Consider those normativities felt to cluster into metapragmatic skills, such as, ‘how to listen,’ ‘how to share the floor,’ which are culturally elaborated, inculcated, and policed through regimes of etiquette and language socialization. In terms of listenership, say you find yourself a hearer as a speaker shares a self-narrative of woe. Distracted, you succumb to ‘misinvolvement’ Goffman (1957) and neglect to emit backchannels and the occasional response cries of empathy or surprise (‘jeeze,’ ‘oh my god’) expected at critical narrative junctures; and so on. Or consider an event in which symmetrical, ‘dialogical’ turn-taking – exchanging speaker and hearer roles with relative parity – matters a lot, as in some styles of political debate and conflict mediation. Would violations in turn-taking and floor-sharing here be just as likely to be targeted for repair as, say, the norms for bodily comportment such as how to manage one’s elbows? Clearly some things are more likely than others to be targets of repair, and figuring out which may allow us to infer how the moral is distributed in a given context.
The act of reflexively targeting for repair some bit of conduct is but one method to make moralization happen. A journal issue dedicated to ‘morality in discourse’ (Bergmann and Linell 1998) opened up a discussion of the discursive methods used to incite moralization. As co-editor Jörg Bergmann remarks in his introduction, these methods include the obvious – lexical resources, such as names for social types like drunkard – and the less obvious, including prosody and bodily comportment. It isn’t long before Bergmann (1998: 281) bursts open the proverbial flood gates: ‘An inconspicuous body twist, a slight rise of the eyebrows, a certain tone of voice will suffice to give a statement a moral tinge’. So widespread and motley are these signs that Bergmann reaches a conclusion that sounds both familiar and unsettling: ‘Obviously, morality is omnipresent in everyday life,’ and ‘it is so deeply intertwined with everyday discourse that the interlocutors hardly ever recognize their doings as moral business’ (1998: 281).

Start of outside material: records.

(* Let $N=1000$, $p_0=1/1000$, $T>0$, let $u\in C([0,T]:H^N(\mathbb{R}^3))$ solve $i\partial_t u-\Lambda u=-(|x|^{-1}\ast|u|^2)u$, let $f(t)=e^{it\Lambda}u(t)$, and assume $$\sup_{t\in[0,T]}\Big[(1+t)^{-p_0}\|u(t)\|_{H^N}+(1+t)^{-p_0}\|xf(t)\|_{H^2}+(1+t)^{-2p_0}\|x^2f(t)\|_{H^2}+\|(1+|\xi|)^{10}\widehat f(t,\xi)\|_{L^\infty_\xi}\Big]\le\varepsilon_1 .$$ For $m\in\{0,1,2,\dots\}$ let $l_0:=\lfloor-29m/40\rfloor+1$ and define, for $s\in[0,T]$, $\xi\in\mathbb{R}^3$, $$I_0(s,\xi):=ic_1\iint_{\mathbb{R}^3\times\mathbb{R}^3}e^{is\phi(\xi,\eta,\sigma)}|\eta|^{-2}\varphi(|\eta|/2^{l_0})\,\widehat f(s,\xi+\eta)\widehat f(s,\xi+\sigma)\overline{\widehat f}(s,\xi+\eta+\sigma)\,d\eta\,d\sigma,$$ with $c_1=2(2\pi)^{-5}$ and $\phi(\xi,\eta,\sigma)=-\Lambda(\xi)+\Lambda(\xi+\eta)+\Lambda(\xi+\sigma)-\Lambda(\xi+\eta+\sigma)$. Then for all $m\in\{0,1,\dots\}$, $k\in\mathbb{Z}\cap[m/300,\infty)$, $s\in[2^m-1,2^m]\cap[0,T]$ and $|\xi|\in[2^k,2^{k+1}]$, $$|I_0(s,\xi)|\lesssim\varepsilon_1^3\,2^{-3m/2}\,2^{-10k}.$$
   Context: $\Lambda=\sqrt{1-\Delta}$ is the Fourier multiplier with symbol $\Lambda(\xi)=\sqrt{1+|\xi|^2}$ on $\mathbb{R}^3$; $\widehat g(\xi)=\int e^{-ix\cdot\xi}g(x)\,dx$. $\varphi:\mathbb{R}\to[0,1]$ is a fixed even smooth function supported in $[-8/5,8/5]$ and equal to $1$ on $[-5/4,5/4]$. Implicit constants are independent of $m,k,s,\xi,T,\varepsilon_1$. *)

theory Defs
  imports "HOL-Analysis.Analysis" "HOL-Probability.Essential_Supremum"
begin

type_synonym R3 = "real^3"

definition Lam_sym :: "R3 \<Rightarrow> real" where
  "Lam_sym \<xi> = sqrt (1 + (norm \<xi>)^2)"

definition ft :: "(R3 \<Rightarrow> complex) \<Rightarrow> R3 \<Rightarrow> complex" where
  "ft g \<xi> = (LINT x|lborel. cis (- (x \<bullet> \<xi>)) * g x)"

definition square_integrable :: "(R3 \<Rightarrow> complex) \<Rightarrow> bool" where
  "square_integrable g \<longleftrightarrow> g \<in> borel_measurable lborel \<and> integrable lborel (\<lambda>x. (cmod (g x))^2)"

definition L2fourier :: "(R3 \<Rightarrow> complex) \<Rightarrow> (R3 \<Rightarrow> complex) \<Rightarrow> bool" where
  "L2fourier g h \<longleftrightarrow> square_integrable g \<and> h \<in> borel_measurable lborel \<and>
     ((\<lambda>R. \<integral>\<^sup>+ \<xi>. ennreal ((cmod (ft (\<lambda>x. indicator (cball 0 R) x * g x) \<xi> - h \<xi>))^2) \<partial>lborel)
        \<longlongrightarrow> 0) at_top"
(* Let $\lambda>1$ and let $D_U,D_V$ be the $n\times n$ symmetric matrices $D_U=W_2^{-1}-W_2^{-1}B-B^TW_2^{-1}+B^TW_2^{-1}B$, $D_V=W_1^{-1}-A^TW_1^{-1}-W_1^{-1}A$, where $A=K_V^0(I+\Sigma_2)^{-1}$, $W_1=K_V^0-K_V^0(I+\Sigma_2)^{-1}K_V^0$, $B=K_U^0(K_U^0+\Sigma_1)^{-1}$, $W_2=K_U^0-K_U^0(K_U^0+\Sigma_1)^{-1}K_U^0$ for given symmetric positive definite $K_U^0,K_V^0,\Sigma_1,\Sigma_2$ with $K_U^0+K_V^0=I$. Consider the problem $$(\mathrm P)\quad\max_{\tilde q}\ \int\tilde q(u)\Big(-\tfrac12u^TD_Uu-\ln\tilde q(u)\Big)du+\lambda\int\tilde q(v)\Big(-\tfrac12v^TD_Vv-\ln\tilde q(v)\Big)dv\quad\text{s.t. } \mathbb E_{\tilde q(u,v)}[UU^T+VV^T]=I$$ over joint pdfs $\tilde q(u,v)$. Suppose an optimal solution of $(\mathrm P)$ has marginals $U\sim\mathcal N(0,K_U)$, $V\sim\mathcal N(0,K_V)$ with $K_U,K_V\succ0$ and $K_U+K_V=I$. Then $(K_U,K_V)$ is optimal for $$\max_{K_U,K_V\succ0}\ -\mathrm{tr}(D_UK_U)-\lambda\,\mathrm{tr}(D_VK_V)+\ln|K_U|+\lambda\ln|K_V|\quad\text{s.t. } K_U+K_V=I.$$
   Context: $|M|$ denotes the determinant; $M\succ0$ means positive definite. *)

theory Defs
  imports "HOL-Analysis.Analysis"
begin

definition posdef :: "real^'n^'n \<Rightarrow> bool" where
  "posdef M \<longleftrightarrow> transpose M = M \<and> (\<forall>x. x \<noteq> 0 \<longrightarrow> 0 < x \<bullet> (M *v x))"

definition margU :: "((real^'n) \<times> (real^'n) \<Rightarrow> real) \<Rightarrow> real^'n \<Rightarrow> real" where
  "margU f u = (\<integral>v. f (u, v) \<partial>lborel)"

definition margV :: "((real^'n) \<times> (real^'n) \<Rightarrow> real) \<Rightarrow> real^'n \<Rightarrow> real" where
  "margV f v = (\<integral>u. f (u, v) \<partial>lborel)"
(* Let $F$ be a field, $t\ge 3$, and let $e_1,\dots,e_t$, $n_i$, $\sigma_i$ and $V$ be as follows: $e_1,\dots,e_t\in M_n(F)$ are nonzero pairwise orthogonal idempotents with $e_1+\cdots+e_t=I_n$, $n_i=\mathrm{rank}(e_i)$, $\sigma_1,\dots,\sigma_t\in F$ satisfy $\sum_i\sigma_ik_i\ne0$ for every integer tuple $\vec 0\ne(k_1,\dots,k_t)$ with $0\le k_i\le n_i$, and $V=\{a\in M_n(F): e_iae_j=0\ \forall i<j,\ \sum_i\sigma_i\mathrm{Tr}(e_iae_i)=0\}$. Let $u\in e_1M_n(F)e_2$ and $w\in e_2M_n(F)e_3$ with $uw\ne 0$. Then $U=F(u+w)+V$ is a Mathieu subspace of $M_n(F)$ containing $V$ as a proper subspace; in particular $V$ is not a maximal Mathieu subspace of $M_n(F)$.
   Context: Let $\mathcal A$ be an associative algebra over a field $F$. An $F$-subspace $M\subseteq\mathcal A$ is a Mathieu subspace (MS) of $\mathcal A$ if for all $a,b,c\in\mathcal A$ such that $a^m\in M$ for all $m\ge 1$, there exists $N$ (depending on $a,b,c$) such that $ba^mc\in M$ for all $m\ge N$. A maximal MS of $\mathcal A$ is a proper MS of $\mathcal A$ that is not properly contained in any proper MS of $\mathcal A$. *)

theory Defs
  imports "HOL-Analysis.Analysis"
begin

text \<open>Square matrices M_n(F) are rendered as the type 'a^'n^'n over a field 'a,
  with matrix product (**), identity mat 1, library rank and trace.\<close>

definition mscale :: "'a::field \<Rightarrow> 'a^'n^'n \<Rightarrow> 'a^'n^'n" where
  "mscale c A = (\<chi> i j. c * A $ i $ j)"

definition mpow :: "'a::field^'n^'n \<Rightarrow> nat \<Rightarrow> 'a^'n^'n" where
  "mpow A m = (((**) A) ^^ m) (mat 1)"

definition F_subspace :: "('a::field^'n^'n) set \<Rightarrow> bool" where
  "F_subspace M \<longleftrightarrow> 0 \<in> M \<and> (\<forall>x\<in>M. \<forall>y\<in>M. x + y \<in> M) \<and> (\<forall>c. \<forall>x\<in>M. mscale c x \<in> M)"

definition mathieu_subspace :: "('a::field^'n^'n) set \<Rightarrow> bool" where
  "mathieu_subspace M \<longleftrightarrow> F_subspace M \<and>
     (\<forall>a b c. (\<forall>m\<ge>1. mpow a m \<in> M) \<longrightarrow> (\<exists>N. \<forall>m\<ge>N. b ** mpow a m ** c \<in> M))"

definition maximal_mathieu_subspace :: "('a::field^'n^'n) set \<Rightarrow> bool" where
  "maximal_mathieu_subspace M \<longleftrightarrow> mathieu_subspace M \<and> M \<noteq> UNIV \<and>
     \<not> (\<exists>M'. mathieu_subspace M' \<and> M' \<noteq> UNIV \<and> M \<subset> M')"

end

theory Submission
  imports Defs
begin
(* A regular Hausdorff space $X$ is a $\gamma$-space if and only if $\mathcal{F}(X)$ is a $\gamma$-space.
   Context: $\mathcal{F}(X)$ is the set of nonempty finite subsets of $X$ with the Vietoris topology (base: $\langle U_1,\dots,U_k\rangle=\{A: A\subset\bigcup_i U_i,\ A\cap U_j\neq\emptyset\ \forall j\}$, $U_i$ open in $X$). A space $(Y,\tau_Y)$ is a $\gamma$-space if there is a function $g:\omega\times Y\to\tau_Y$ such that (i) $\{g(n,x): n\in\omega\}$ is a neighborhood base at $x$ for each $x\in Y$, and (ii) for each $n\in\omega$ and $x\in Y$ there is $m\in\omega$ such that $y\in g(m,x)$ implies $g(n,y)\subset g(n,x)$. *)

theory Defs
  imports "HOL-Analysis.Analysis"
begin

definition vietoris_basic :: "'a topology \<Rightarrow> 'a set set \<Rightarrow> 'a set set" where
  "vietoris_basic X \<U> =
     {A. finite A \<and> A \<noteq> {} \<and> A \<subseteq> topspace X \<and> A \<subseteq> \<Union>\<U> \<and> (\<forall>U\<in>\<U>. A \<inter> U \<noteq> {})}"

definition fin_vietoris :: "'a topology \<Rightarrow> 'a set topology" where
  "fin_vietoris X = topology_generated_by
     {vietoris_basic X \<U> | \<U>. finite \<U> \<and> \<U> \<noteq> {} \<and> (\<forall>U\<in>\<U>. openin X U)}"

definition gamma_space :: "'b topology \<Rightarrow> bool" where
  "gamma_space Y \<longleftrightarrow> (\<exists>g :: nat \<Rightarrow> 'b \<Rightarrow> 'b set.
     (\<forall>n. \<forall>x\<in>topspace Y. openin Y (g n x) \<and> x \<in> g n x) \<and>
     (\<forall>x\<in>topspace Y. \<forall>U. openin Y U \<and> x \<in> U \<longrightarrow> (\<exists>n. g n x \<subseteq> U)) \<and>
     (\<forall>n. \<forall>x\<in>topspace Y. \<exists>m. \<forall>y\<in>g m x. g n y \<subseteq> g n x))"

end

theory Submission
  imports Defs
begin
(* Let $k$ be a positive integer with $\mathcal A_k\neq\varnothing$. Then the sequence of iterates $z(k),z^2(k),z^3(k),\dots$ takes only finitely many values (it eventually reaches a fixed point of $z$), and \[c(k)=k\cdot\operatorname{lcm}\{z^i(k)\}_{i=1}^{\infty}.\]
   Context: $F_n$ is the $n$-th Fibonacci number ($F_0=0,F_1=1$). For a positive integer $n$, $z(n)$ is the least positive integer $m$ with $n\mid F_m$, and $z^i$ denotes the $i$-th iterate of $z$. For a positive integer $k$, $\mathcal A_k:=\{n\in\mathbb N:\ z(n)\mid n \text{ and } n/z(n)=k\}$, and $c(k):=\min\mathcal A_k$. *)

theory Defs
  imports "HOL-Number_Theory.Fib"
begin

definition zfib :: "nat \<Rightarrow> nat" where
  "zfib n = (LEAST m. 0 < m \<and> n dvd fib m)"

definition A_set :: "nat \<Rightarrow> nat set" where
  "A_set k = {n. 0 < n \<and> zfib n dvd n \<and> n div zfib n = k}"

definition c_min :: "nat \<Rightarrow> nat" where
  "c_min k = (LEAST n. n \<in> A_set k)"

end

(*
  If \<open>n \<in> A_set k\<close>, every iterate \<open>z\<^sup>i(k)\<close>, \<open>i \<ge> 1\<close>, divides \<open>m = z(n)\<close>: \<open>z\<close> is monotone
  for divisibility and \<open>z(m) dvd m\<close>. So the orbit is finite and eventually periodic. A periodic
  orbit consists of fixed points: its primes are at most 5 (for primes \<open>q \<noteq> 2, 5\<close> one has
  \<open>z(q) dvd q \<pm> 1\<close>, proved in \<open>\<int>[\<phi>]\<close>), its 2- and 3-parts are bounded, hence every element
  \<open>c\<close> satisfies \<open>c dvd F\<^sub>c\<close>, i.e. \<open>z(c) dvd c\<close>, and a cycle descending in divisibility is constant.

  For \<open>L\<close> the lcm of the orbit, \<open>L dvd z(n')\<close> for every \<open>n' \<in> A_set k\<close> and \<open>L dvd z(kL)\<close> by
  monotonicity, while \<open>z(kL) dvd L\<close> because \<open>kL dvd F\<^sub>L\<close>: this follows from
  \<open>k z(n) = n dvd F\<^bsub>z(n)\<^esub>\<close> and \<open>L dvd z(n)\<close> by lifting the exponent for Fibonacci numbers.
  Hence \<open>kL\<close> is the least element of \<open>A_set k\<close>.
*)

theory Submission
  imports Defs "HOL-Number_Theory.Number_Theory"
begin

(* \<open>ZPhi a b\<close> is \<open>a + b\<phi>\<close> in \<open>\<int>[\<phi>]\<close>, multiplied using \<open>\<phi>\<^sup>2 = \<phi> + 1\<close>. *)
datatype zphi = ZPhi (const_part: int) (phi_part: int)

instantiation zphi :: comm_ring_1
begin
definition "0 = ZPhi 0 0"
definition "1 = ZPhi 1 0"
definition "x + y = ZPhi (const_part x + const_part y) (phi_part x + phi_part y)"
definition "x - y = ZPhi (const_part x - const_part y) (phi_part x - phi_part y)"
definition "- x = ZPhi (- const_part x) (- phi_part x)"
definition "x * y = ZPhi (const_part x * const_part y + phi_part x * phi_part y)
  (const_part x * phi_part y + phi_part x * const_part y + phi_part x * phi_part y)"
instance
  by standard (simp_all add: zphi.expand zero_zphi_def one_zphi_def plus_zphi_def minus_zphi_def
      uminus_zphi_def times_zphi_def algebra_simps)
end

lemma zphi_parts [simp]:
  "const_part 0 = 0" "phi_part 0 = 0" "const_part 1 = 1" "phi_part 1 = 0"
  "const_part (x + y) = const_part x + const_part y" "phi_part (x + y) = phi_part x + phi_part y"
  "const_part (x * y) = const_part x * const_part y + phi_part x * phi_part y"
  "phi_part (x * y) = const_part x * phi_part y + phi_part x * const_part y + phi_part x * phi_part y"
  "const_part (x - y) = const_part x - const_part y" "phi_part (x - y) = phi_part x - phi_part y"
  by (simp_all add: zero_zphi_def one_zphi_def plus_zphi_def times_zphi_def minus_zphi_def)

lemma zphi_eq_iff: "x = y \<longleftrightarrow> const_part x = const_part y \<and> phi_part x = phi_part y"
  by (cases x; cases y) simp

lemma zphi_parts_of_nat [simp]: "const_part (of_nat n) = int n" "phi_part (of_nat n) = 0"
  by (induction n) simp_all

lemma zphi_parts_numeral_power [simp]:
  "const_part (numeral m ^ n) = numeral m ^ n" "phi_part (numeral m ^ n) = 0"
  "const_part (numeral m) = numeral m" "phi_part (numeral m) = 0"
  using zphi_parts_of_nat[of "numeral m ^ n"] zphi_parts_of_nat[of "numeral m"] by simp_all

lemma zphi_parts_sum:
  "const_part (sum f A) = (\<Sum>x\<in>A. const_part (f x))" "phi_part (sum f A) = (\<Sum>x\<in>A. phi_part (f x))"
  by (induction A rule: infinite_finite_induct) simp_all

abbreviation phi :: zphi where "phi \<equiv> ZPhi 0 1"

lemma phi_power_Suc: "phi ^ Suc n = ZPhi (int (fib n)) (int (fib (Suc n)))"
  by (induction n) (simp_all add: zphi.expand power_Suc2)

lemma phi_part_phi_power: "phi_part (phi ^ n) = int (fib n)"
  by (cases n) (simp_all only: phi_power_Suc zphi.sel, simp)

lemma fib_mult_binomial:
  "fib (Suc y * q) = (\<Sum>j\<le>q. (q choose j) * fib (Suc y) ^ j * fib y ^ (q - j) * fib j)"
proof -
  have "phi ^ Suc y = of_nat (fib (Suc y)) * phi + of_nat (fib y)"
    unfolding phi_power_Suc by (simp add: zphi.expand)
  then have "phi ^ (Suc y * q) = (of_nat (fib (Suc y)) * phi + of_nat (fib y)) ^ q"
    by (simp only: power_mult)
  also have "\<dots> = (\<Sum>j\<le>q. of_nat ((q choose j) * fib (Suc y) ^ j * fib y ^ (q - j)) * phi ^ j)"
    unfolding binomial_ring by (simp add: power_mult_distrib mult_ac)
  finally have "phi_part (phi ^ (Suc y * q)) = phi_part \<dots>" by simp
  then show ?thesis
    by (simp add: zphi_parts_sum phi_part_phi_power flip: of_nat_mult of_nat_sum)
qed

lemma one_plus_power_prime:
  fixes s :: "'a :: comm_semiring_1"
  assumes "prime p"
  obtains w where "(1 + s) ^ p = 1 + s ^ p + of_nat p * w"
proof
  have p0: "0 < p" using assms prime_gt_0_nat by blast
  have split: "{..p} = insert 0 (insert p {1..<p})" using p0 by auto
  have "(1 + s) ^ p = (\<Sum>k\<le>p. of_nat (p choose k) * s ^ k)"
    by (simp add: binomial_ring add.commute[of 1])
  also have "\<dots> = 1 + s ^ p + (\<Sum>k\<in>{1..<p}. of_nat (p choose k) * s ^ k)"
    using p0 by (simp add: split add.assoc)
  also have "(\<Sum>k\<in>{1..<p}. of_nat (p choose k) * s ^ k) = of_nat p * (\<Sum>k\<in>{1..<p}. of_nat ((p choose k) div p) * s ^ k)"
    unfolding sum_distrib_left
  proof (rule sum.cong)
    fix k assume "k \<in> {1..<p}"
    then have "p choose k = p * ((p choose k) div p)" using dvd_choose_prime[of k p] assms by simp
    then show "of_nat (p choose k) * s ^ k = of_nat p * (of_nat ((p choose k) div p) * s ^ k)"
      by (metis mult.assoc of_nat_mult)
  qed simp
  finally show "(1 + s) ^ p = 1 + s ^ p + of_nat p * (\<Sum>k\<in>{1..<p}. of_nat ((p choose k) div p) * s ^ k)" .
qed

(* Inside \<open>\<int>[\<phi>]\<close> take \<open>s = 2\<phi> - 1\<close>, a square root of 5, and compare \<open>(2\<phi>)\<^sup>p = 2\<^sup>p \<phi>\<^sup>p\<close>
   with \<open>(1 + s)\<^sup>p \<equiv> 1 + 5\<^sup>h s (mod p)\<close>. *)
lemma fib_prime_congs:
  assumes p: "prime p" and ph: "p = Suc (2 * h)"
  shows "[2 * int (fib (p - 1)) = 1 - 5 ^ h] (mod int p)"
    and "[2 * int (fib p) = 2 * 5 ^ h] (mod int p)"
proof -
  define s where "s = ZPhi (-1) 2"
  have s_pow: "s ^ p = 5 ^ h * s"
  proof -
    have "s ^ 2 = 5" by (simp add: s_def power2_eq_square zphi_eq_iff)
    then show ?thesis by (simp add: ph power_mult)
  qed
  obtain w where w: "(1 + s) ^ p = 1 + s ^ p + of_nat p * w"
    using one_plus_power_prime[OF p] by blast
  have "phi ^ p = ZPhi (int (fib (p - 1))) (int (fib p))"
    using phi_power_Suc[of "p - 1"] ph by simp
  then have "2 ^ p * ZPhi (int (fib (p - 1))) (int (fib p)) = (2 * phi) ^ p"
    by (simp only: power_mult_distrib)
  also have "2 * phi = 1 + s" by (simp add: s_def zphi_eq_iff)
  also note w
  finally have "2 ^ p * ZPhi (int (fib (p - 1))) (int (fib p)) = 1 + 5 ^ h * s + of_nat p * w"
    by (simp only: s_pow)
  from arg_cong[OF this, of const_part] arg_cong[OF this, of phi_part]
  have "2 ^ p * int (fib (p - 1)) = 1 - 5 ^ h + int p * const_part w"
    and "2 ^ p * int (fib p) = 2 * 5 ^ h + int p * phi_part w"
    by (simp_all add: s_def)
  then have "[2 ^ p * int (fib (p - 1)) = 1 - 5 ^ h] (mod int p)"
    and "[2 ^ p * int (fib p) = 2 * 5 ^ h] (mod int p)"
    by (simp_all add: cong_iff_dvd_diff)
  moreover have "[2 ^ p = 2] (mod int p)"
  proof -
    have "p \<noteq> 2" using ph by presburger
    then have "\<not> p dvd 2" using primes_dvd_imp_eq[OF p two_is_prime_nat] by blast
    then have "[2 ^ (p - 1) * 2 = 1 * 2] (mod p)" using fermat_theorem[OF p] cong_scalar_right by blast
    then have "[2 ^ p = 2] (mod p)" using ph by (simp add: mult.commute)
    then show ?thesis by (metis cong_int_iff of_nat_numeral of_nat_power)
  qed
  ultimately show "[2 * int (fib (p - 1)) = 1 - 5 ^ h] (mod int p)"
    and "[2 * int (fib p) = 2 * 5 ^ h] (mod int p)"
    using cong_trans[OF cong_scalar_right[OF cong_sym]] by blast+
qed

There is a slip by which ethical omnipresence – the capacity to see ethics everywhere if one looks hard enough – becomes an ontological claim about ethical immanence in practice, but for now let me expand on Bergmann’s astute comment that most events featuring moralization do not call attention to themselves as ‘moral’ (see Drew 1998); they are not, in a word, denotationally ‘explicit’.
Literature in linguistic anthropology and related fields is replete with illustrations of this point, even if this literature does not always understand itself in these terms. Keane’s (2011) revisiting of Jane Hill’s (1997) essay on the ‘voices’ of Don Gabriel, for instance, reminds us well of the implicit work of moralization. When Don Gabriel tells the poignant story of his son’s death, he makes choices at every turn. His choices among linguistic variables (e.g. Mexicano versus Spanish, prosodic and stylistic contrasts) become ‘moral’ choices, because these variants help fashion morally weighted figures – images of kinds of people that populate the storyworld – and express the narrator’s stance toward them. All this occurs without overt moralizing.
In fact where better to appreciate the labor of moralization than in more extreme cases of purposeful moral ‘indirectness’ (Lempert 2012b)? 8 Consider for a moment the stealth and care by which moral criticism is quite often aired. So-called ‘weapons of the weak’ (Scott 1985, 1990), which range from foot-dragging to backstage griping, do not merely express resistance but also frequently invite others to infer the source and type of injustice behind the behavior. ‘Teasing’ and ‘shaming’ are familiar methods for shaping moral dispositions through evaluation, evaluation that is quite often purposely indirect (see, for example, Schieffelin 1987, 1990; Miller 1987; Goodwin 1990, 2006; Lo and Fung 2012; Lempert 2012a, 2012b; in a different vein, see Foucault 1979; Drinan 2001; Keenan 2004).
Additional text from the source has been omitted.